Exercise goal:
Only one portion of the data is to be written out: from the line bearing "r \<subseteq> S" through the line bearing "using assms unfolding ktuples_def by auto". Write it exactly as it appears.

Stored data entries
────────────────────

(* Let $(p_\omega)_{\omega\in\Omega}$ be a fixed probability distribution on the finite scenario set $\Omega$, and $\Phi_N(\mathbf{x})=\sum_{\omega\in\Omega}p_\omega Q_\omega(\mathbf{x})$. Let $\hat{\mathbf{x}}\in\mathcal{X}$ and for each $\omega\in\Omega$ let $\hat{\mathbf{S}}^\omega=(\hat S^\omega_1,\dots,\hat S^\omega_k)$ be an optimal solution of the problem defining $Q_\omega(\hat{\mathbf{x}})$. For each $\omega,q$ fix an ordering $\hat S^\omega_q=\{i^\omega_{q,1},\dots,i^\omega_{q,T^\omega_q}\}$ and for $1\le t\le T^\omega_q$ let $\hat{\mathbf{S}}^\omega_{q,(t)}=(\hat S^\omega_1,\dots,\hat S^\omega_{q-1},\{i^\omega_{q,1},\dots,i^\omega_{q,t-1}\},\emptyset,\dots,\emptyset)$. Then for every $\mathbf{x}\in\mathcal{X}$, $$\Phi_N(\mathbf{x})\;\ge\;\Phi_N(\hat{\mathbf{x}})-\sum_{q=1}^k\sum_{\omega\in\Omega}\sum_{t=1}^{T^\omega_q}p_\omega\,\rho^\omega_{q,i^\omega_{q,t}}(\hat{\mathbf{S}}^\omega_{q,(t)})\,\xi^\omega_{i^\omega_{q,t}}\,x_{q,i^\omega_{q,t}}.$$
   Context: Let $n,k$ be positive integers and $N=\{1,\dots,n\}$. $\mathbb{X}(N,k)$ denotes the set of $k$-tuples $\mathbf{S}=(S_1,\dots,S_k)$ of pairwise disjoint subsets of $N$; such a tuple is identified with $\mathbf{s}\in\{0,1\}^{kn}$ where $s_{q,i}=1$ iff $i\in S_q$. For $\mathbf{X},\mathbf{Y}\in\mathbb{X}(N,k)$ let $\mathbf{X}\sqcap\mathbf{Y}=(X_1\cap Y_1,\dots,X_k\cap Y_k)$ and $\mathbf{X}\sqcup\mathbf{Y}$ be the tuple whose $i$-th component is $(X_i\cup Y_i)\setminus\bigcup_{q\ne i}(X_q\cup Y_q)$. A function $f:\mathbb{X}(N,k)\to\mathbb{R}$ is $k$-submodular if $f(\mathbf{X})+f(\mathbf{Y})\ge f(\mathbf{X}\sqcap\mathbf{Y})+f(\mathbf{X}\sqcup\mathbf{Y})$ for all $\mathbf{X},\mathbf{Y}$, and monotone if $f(\mathbf{X})\le f(\mathbf{Y})$ whenever $X_q\subseteq Y_q$ for all $q$. $\boldsymbol{\emptyset}=(\emptyset,\dots,\emptyset)$. Given nonnegative integer budgets $A_1,\dots,A_k$ and $D_1,\dots,D_k$, the attacker's feasible set is $\mathcal{X}=\{\mathbf{x}\in\{0,1\}^{kn}:\sum_{i=1}^n x_{q,i}\le A_q\ \forall q,\ \sum_{q=1}^k x_{q,i}\le 1\ \forall i\in N\}$. Stochastic setting: $\Omega$ is a finite set of scenarios; for each $\omega\in\Omega$ we are given $\xi^\omega\in\{0,1\}^n$ and a monotone $k$-submodular function $f^\omega:\mathbb{X}(N,k)\to\mathbb{R}$, with marginal gains $\rho^\omega_{q,i}(\mathbf{X})=f^\omega(X_1,\dots,X_q\cup\{i\},\dots,X_k)-f^\omega(\mathbf{X})$ for $i\notin\bigcup_r X_r$. For $\mathbf{x}\in\mathcal{X}$, $Q_\omega(\mathbf{x})=\max\{f^\omega(\mathbf{S}):\mathbf{S}\in\mathbb{X}(N,k),\ s_{q,i}\le 1-x_{q,i}\xi^\omega_i\ \forall q,i,\ \sum_{i=1}^n s_{q,i}\le D_q\ \forall q\}$. *)

theory Defs
  imports Complex_Main
begin

text \<open>A k-tuple of pairwise disjoint subsets of N = {1..n} is a function
  S :: nat \<Rightarrow> nat set with components S 1, ..., S k (and S q = {} for
  q outside {1..k}, so that tuples have a canonical representation).
  Element i belongs to component q iff s_{q,i} = 1.\<close>

definition ktuples :: "nat \<Rightarrow> nat \<Rightarrow> (nat \<Rightarrow> nat set) set" where
  "ktuples n k = {S. (\<forall>q\<in>{1..k}. S q \<subseteq> {1..n}) \<and> (\<forall>q. q \<notin> {1..k} \<longrightarrow> S q = {})
     \<and> (\<forall>p\<in>{1..k}. \<forall>q\<in>{1..k}. p \<noteq> q \<longrightarrow> S p \<inter> S q = {})}"

definition kmeet :: "(nat \<Rightarrow> nat set) \<Rightarrow> (nat \<Rightarrow> nat set) \<Rightarrow> (nat \<Rightarrow> nat set)" where
  "kmeet X Y = (\<lambda>q. X q \<inter> Y q)"

definition kjoin :: "nat \<Rightarrow> (nat \<Rightarrow> nat set) \<Rightarrow> (nat \<Rightarrow> nat set) \<Rightarrow> (nat \<Rightarrow> nat set)" where
  "kjoin k X Y = (\<lambda>q. (X q \<union> Y q) - (\<Union>r\<in>{1..k} - {q}. X r \<union> Y r))"

definition k_submodular :: "nat \<Rightarrow> nat \<Rightarrow> ((nat \<Rightarrow> nat set) \<Rightarrow> real) \<Rightarrow> bool" where
  "k_submodular n k f = (\<forall>X\<in>ktuples n k. \<forall>Y\<in>ktuples n k.
      f X + f Y \<ge> f (kmeet X Y) + f (kjoin k X Y))"

definition k_monotone :: "nat \<Rightarrow> nat \<Rightarrow> ((nat \<Rightarrow> nat set) \<Rightarrow> real) \<Rightarrow> bool" where
  "k_monotone n k f = (\<forall>X\<in>ktuples n k. \<forall>Y\<in>ktuples n k.
      (\<forall>q\<in>{1..k}. X q \<subseteq> Y q) \<longrightarrow> f X \<le> f Y)"

definition marg :: "((nat \<Rightarrow> nat set) \<Rightarrow> real) \<Rightarrow> nat \<Rightarrow> nat \<Rightarrow> (nat \<Rightarrow> nat set) \<Rightarrow> real" where
  "marg f q i X = f (X(q := insert i (X q))) - f X"

definition attacker_feasible :: "nat \<Rightarrow> nat \<Rightarrow> (nat \<Rightarrow> nat) \<Rightarrow> (nat \<Rightarrow> nat \<Rightarrow> real) \<Rightarrow> bool" where
  "attacker_feasible n k A x = ((\<forall>q\<in>{1..k}. \<forall>i\<in>{1..n}. x q i \<in> {0, 1})
     \<and> (\<forall>q\<in>{1..k}. (\<Sum>i=1..n. x q i) \<le> real (A q))
     \<and> (\<forall>i\<in>{1..n}. (\<Sum>q=1..k. x q i) \<le> 1))"

definition defender_feasible :: "nat \<Rightarrow> nat \<Rightarrow> (nat \<Rightarrow> nat) \<Rightarrow> (nat \<Rightarrow> real)
    \<Rightarrow> (nat \<Rightarrow> nat \<Rightarrow> real) \<Rightarrow> (nat \<Rightarrow> nat set) set" where
  "defender_feasible n k D xi x = {S \<in> ktuples n k.
      (\<forall>q\<in>{1..k}. \<forall>i\<in>{1..n}. (if i \<in> S q then 1 else 0) \<le> 1 - x q i * xi i)
      \<and> (\<forall>q\<in>{1..k}. card (S q) \<le> D q)}"

definition Qval :: "nat \<Rightarrow> nat \<Rightarrow> (nat \<Rightarrow> nat) \<Rightarrow> ((nat \<Rightarrow> nat set) \<Rightarrow> real) \<Rightarrow> (nat \<Rightarrow> real)
    \<Rightarrow> (nat \<Rightarrow> nat \<Rightarrow> real) \<Rightarrow> real" where
  "Qval n k D f xi x = Max (f ` defender_feasible n k D xi x)"

definition Phi :: "'w set \<Rightarrow> ('w \<Rightarrow> real) \<Rightarrow> nat \<Rightarrow> nat \<Rightarrow> (nat \<Rightarrow> nat)
    \<Rightarrow> ('w \<Rightarrow> (nat \<Rightarrow> nat set) \<Rightarrow> real) \<Rightarrow> ('w \<Rightarrow> nat \<Rightarrow> real) \<Rightarrow> (nat \<Rightarrow> nat \<Rightarrow> real) \<Rightarrow> real" where
  "Phi \<Omega> p n k D f xi x = (\<Sum>\<omega>\<in>\<Omega>. p \<omega> * Qval n k D (f \<omega>) (xi \<omega>) x)"

definition prefix_tuple :: "(nat \<Rightarrow> nat set) \<Rightarrow> (nat \<Rightarrow> nat) \<Rightarrow> nat \<Rightarrow> nat \<Rightarrow> (nat \<Rightarrow> nat set)" where
  "prefix_tuple S ord q t = (\<lambda>r. if r < q then S r else if r = q then ord ` {1..<t} else {})"

end

theory Submission
  imports Defs
begin

text \<open>Against an attack x, the defender can keep the optimal response \<open>Shat\<^sup>\<omega>\<close> to \<open>xhat\<close>
  minus the elements that x attacks and that are exposed in scenario \<omega>; this restricted
  tuple is feasible for x, so \<open>Q\<^sub>\<omega>(x)\<close> is at least its value. Removing the attacked elements
  one at a time along the orderings of the components, the loss of each removal is bounded by
  the marginal gain of that element at its prefix tuple: k-submodularity gives diminishing
  returns, and the restricted tuples lie componentwise below the prefix tuples. Summing the
  telescoping bounds and averaging over the scenarios gives the claim.\<close>

definition restrict_ktuple :: "(nat \<Rightarrow> nat set) \<Rightarrow> (nat \<Rightarrow> nat set) \<Rightarrow> nat \<Rightarrow> nat set" where
  "restrict_ktuple X K = (\<lambda>r. X r \<inter> K r)"

definition lower_tuple :: "(nat \<Rightarrow> nat set) \<Rightarrow> nat \<Rightarrow> nat \<Rightarrow> nat set" where
  "lower_tuple S q = (\<lambda>r. if r < q then S r else {})"

lemma ktuples_subset:
  assumes "S \<in> ktuples n k" "\<forall>r. X r \<subseteq> S r"
  shows "X \<in> ktuples n k"
  using assms unfolding ktuples_def by blast

lemma restrict_ktuple_in_ktuples: "S \<in> ktuples n k \<Longrightarrow> restrict_ktuple S K \<in> ktuples n k"
  by (rule ktuples_subset) (auto simp: restrict_ktuple_def)

lemma ktuples_insert:
  assumes "X \<in> ktuples n k" "q \<in> {1..k}" "i \<in> {1..n}" "\<forall>r. i \<notin> X r"
  shows "X(q := insert i (X q)) \<in> ktuples n k"
  using assms unfolding ktuples_def by auto

lemma finite_ktuple_component:
  assumes "S \<in> ktuples n k"
  shows "finite (S q)"
proof (cases "q \<in> {1..k}")
  case True
  then have "S q \<subseteq> {1..n}" using assms unfolding ktuples_def by blast
  then show ?thesis using finite_subset by blast
next
  case False
  then show ?thesis using assms unfolding ktuples_def by simp
qed

lemma finite_ktuples: "finite (ktuples n k)"
proof (rule finite_subset)
  show "ktuples n k \<subseteq> {S. \<forall>r. (r \<in> {1..k} \<longrightarrow> S r \<in> Pow {1..n}) \<and> (r \<notin> {1..k} \<longrightarrow> S r = {})}"
    unfolding ktuples_def by blast
  show "finite {S. \<forall>r. (r \<in> {1..k} \<longrightarrow> S r \<in> Pow {1..n}) \<and> (r \<notin> {1..k} \<longrightarrow> S r = ({}::nat set))}"
    by (rule finite_set_of_finite_funs) auto
qed

lemma finite_defender_feasible: "finite (defender_feasible n k D xi x)"
  unfolding defender_feasible_def using finite_ktuples by simp

lemma marg_antimono:
  assumes sub: "k_submodular n k g" and X: "X \<in> ktuples n k" and Y: "Y \<in> ktuples n k"
    and XY: "\<forall>r. X r \<subseteq> Y r" and i: "i \<in> {1..n}" and q: "q \<in> {1..k}"
    and fresh: "\<forall>r. i \<notin> Y r"
  shows "marg g q i Y \<le> marg g q i X"
proof -
  let ?Xi = "X(q := insert i (X q))" and ?Yi = "Y(q := insert i (Y q))"
  have Xi: "?Xi \<in> ktuples n k" using ktuples_insert[OF X q i] fresh XY by blast
  have Yi: "?Yi \<in> ktuples n k" using ktuples_insert[OF Y q i fresh] .
  have meet: "kmeet ?Xi Y = X" unfolding kmeet_def using XY fresh by (auto simp: fun_eq_iff)
  have join: "kjoin k ?Xi Y = ?Yi"
  proof
    fix r
    have un: "?Xi s \<union> Y s = ?Yi s" for s using XY by auto
    show "kjoin k ?Xi Y r = ?Yi r"
    proof (cases "r \<in> {1..k}")
      case True
      then show ?thesis using Yi unfolding kjoin_def un ktuples_def by blast
    next
      case False
      then have "X r = {}" "Y r = {}" "r \<noteq> q" using X Y q unfolding ktuples_def by auto
      then show ?thesis unfolding kjoin_def by auto
    qed
  qed
  have "g (kmeet ?Xi Y) + g (kjoin k ?Xi Y) \<le> g ?Xi + g Y"
    using sub Xi Y unfolding k_submodular_def by blast
  then show ?thesis unfolding marg_def meet join by simp
qed

lemma restrict_loss_insert:
  assumes sub: "k_submodular n k g" and X: "X \<in> ktuples n k"
    and q: "q \<in> {1..k}" and i: "i \<in> {1..n}" and fresh: "\<forall>r. i \<notin> X r"
  shows "g (X(q := insert i (X q))) - g (restrict_ktuple (X(q := insert i (X q))) K)
    \<le> g X - g (restrict_ktuple X K) + (if i \<in> K q then 0 else marg g q i X)"
proof (cases "i \<in> K q")
  case True
  let ?XK = "restrict_ktuple X K"
  have "restrict_ktuple (X(q := insert i (X q))) K = ?XK(q := insert i (?XK q))"
    using True by (auto simp: restrict_ktuple_def fun_eq_iff)
  moreover have "marg g q i X \<le> marg g q i ?XK"
    using marg_antimono[OF sub restrict_ktuple_in_ktuples[OF X] X _ i q fresh]
    by (auto simp: restrict_ktuple_def)
  ultimately show ?thesis using True by (simp add: marg_def)
next
  case False
  then have "restrict_ktuple (X(q := insert i (X q))) K = restrict_ktuple X K"
    by (auto simp: restrict_ktuple_def fun_eq_iff)
  then show ?thesis using False by (simp add: marg_def)
qed

lemma prefix_tuple_one: "prefix_tuple S h q 1 = lower_tuple S q"
  by (auto simp: prefix_tuple_def lower_tuple_def fun_eq_iff)

lemma prefix_tuple_Suc:
  "1 \<le> m \<Longrightarrow> prefix_tuple S h q (Suc m)
     = (prefix_tuple S h q m)(q := insert (h m) (prefix_tuple S h q m q))"
  by (auto simp: prefix_tuple_def atLeastLessThanSuc fun_eq_iff)

context
  fixes n k :: nat and S :: "nat \<Rightarrow> nat set" and h :: "nat \<Rightarrow> nat" and q :: nat
  assumes S: "S \<in> ktuples n k" and q: "q \<in> {1..k}"
    and h: "bij_betw h {1..card (S q)} (S q)"
begin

────────────────────

Solution for this problem:
  assumes "S \<in> ktuples n k" "\<forall>r. X r \<subseteq> S r"
  shows "X \<in> ktuples n k"
  using assms unfolding ktuples_def by blast

lemma restrict_ktuple_in_ktuples: "S \<in> ktuples n k \<Longrightarrow> restrict_ktuple S K \<in> ktuples n k"
  by (rule ktuples_subset) (auto simp: restrict_ktuple_def)

lemma ktuples_insert:
  assumes "X \<in> ktuples n k" "q \<in> {1..k}" "i \<in> {1..n}" "\<forall>r. i \<notin> X r"
  shows "X(q := insert i (X q)) \<in> ktuples n k"
  using assms unfolding ktuples_def by auto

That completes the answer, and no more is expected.